(* The morphism of operads $MagFine\to\mathrm{Prim}\,Mag$, $m^n_i\mapsto\mu^n_i$, is injective. Equivalently, for every vector space $V$, the unique $MagFine$-algebra morphism from the free $MagFine$-algebra $MagFine(V)$ to $Mag(V)$ (the latter viewed as a $MagFine$-algebra via $m^n_i\mapsto\mu^n_i$) extending the inclusion $V\subset Mag(V)$ is injective (its image consists of primitive elements).
   Context: $Mag(V)=\bigoplus_{n\ge0}\mathbb K[Y_{n-1}]\otimes V^{\otimes n}$ is the free unital magmatic algebra on $V$ ($Y_{n-1}$ = planar binary rooted trees with $n$ leaves, product by grafting on a new root), equipped with the unique coproduct $\Delta$ with $\Delta(1)=1\otimes1$, $\Delta(v)=v\otimes1+1\otimes v$ ($v\in V$), $\Delta(x\cdot y)=\Delta(x)\cdot(1\otimes y)+(x\otimes1)\cdot\Delta(y)-x\otimes y$; primitive elements are $x$ in the augmentation ideal with $\Delta(x)=x\otimes1+1\otimes x$, and $\mathrm{Prim}\,Mag$ is the operad of operations of $Mag$ whose evaluations on elements of $V$ are primitive. A $MagFine$-algebra is a vector space with multilinear operations $m^n_i$ of arity $n$, $n\ge3$, $1\le i\le n-2$, satisfying no relations; $MagFine$ is the associated free operad. In a magmatic algebra: $\omega^1(x)=x$, $\omega^n(x_1,\dots,x_n)=\omega^{n-1}(x_1,\dots,x_{n-1})\cdot x_n$; $as(x,y,z)=(x\cdot y)\cdot z-x\cdot(y\cdot z)$; $\mu^3_1=as$, $\mu^n_1(x_1,\dots,x_n)=as(x_1,\omega^{n-2}(x_2,\dots,x_{n-1}),x_n)$, $\mu^4_2(x_1,\dots,x_4)=as(x_1,x_2,x_3\cdot x_4)-as(x_1,x_2,x_3)\cdot x_4$, and for $2\le i\le n-2$, $\mu^n_i(x_1,\dots,x_n)=\mu^4_2(x_1,\omega^{n-i-1}(x_2,\dots,x_{n-i}),\omega^{i-1}(x_{n-i+1},\dots,x_{n-1}),x_n)$. *)

theory Defs
  imports Main
begin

• **AIM OF THE EXERCISE**
Return each entry above exactly, leaving none out.

• **PROBLEM SOLUTION**
(* The morphism of operads $MagFine\to\mathrm{Prim}\,Mag$, $m^n_i\mapsto\mu^n_i$, is injective. Equivalently, for every vector space $V$, the unique $MagFine$-algebra morphism from the free $MagFine$-algebra $MagFine(V)$ to $Mag(V)$ (the latter viewed as a $MagFine$-algebra via $m^n_i\mapsto\mu^n_i$) extending the inclusion $V\subset Mag(V)$ is injective (its image consists of primitive elements).
   Context: $Mag(V)=\bigoplus_{n\ge0}\mathbb K[Y_{n-1}]\otimes V^{\otimes n}$ is the free unital magmatic algebra on $V$ ($Y_{n-1}$ = planar binary rooted trees with $n$ leaves, product by grafting on a new root), equipped with the unique coproduct $\Delta$ with $\Delta(1)=1\otimes1$, $\Delta(v)=v\otimes1+1\otimes v$ ($v\in V$), $\Delta(x\cdot y)=\Delta(x)\cdot(1\otimes y)+(x\otimes1)\cdot\Delta(y)-x\otimes y$; primitive elements are $x$ in the augmentation ideal with $\Delta(x)=x\otimes1+1\otimes x$, and $\mathrm{Prim}\,Mag$ is the operad of operations of $Mag$ whose evaluations on elements of $V$ are primitive. A $MagFine$-algebra is a vector space with multilinear operations $m^n_i$ of arity $n$, $n\ge3$, $1\le i\le n-2$, satisfying no relations; $MagFine$ is the associated free operad. In a magmatic algebra: $\omega^1(x)=x$, $\omega^n(x_1,\dots,x_n)=\omega^{n-1}(x_1,\dots,x_{n-1})\cdot x_n$; $as(x,y,z)=(x\cdot y)\cdot z-x\cdot(y\cdot z)$; $\mu^3_1=as$, $\mu^n_1(x_1,\dots,x_n)=as(x_1,\omega^{n-2}(x_2,\dots,x_{n-1}),x_n)$, $\mu^4_2(x_1,\dots,x_4)=as(x_1,x_2,x_3\cdot x_4)-as(x_1,x_2,x_3)\cdot x_4$, and for $2\le i\le n-2$, $\mu^n_i(x_1,\dots,x_n)=\mu^4_2(x_1,\omega^{n-i-1}(x_2,\dots,x_{n-i}),\omega^{i-1}(x_{n-i+1},\dots,x_{n-1}),x_n)$. *)

theory Defs
  imports Main
begin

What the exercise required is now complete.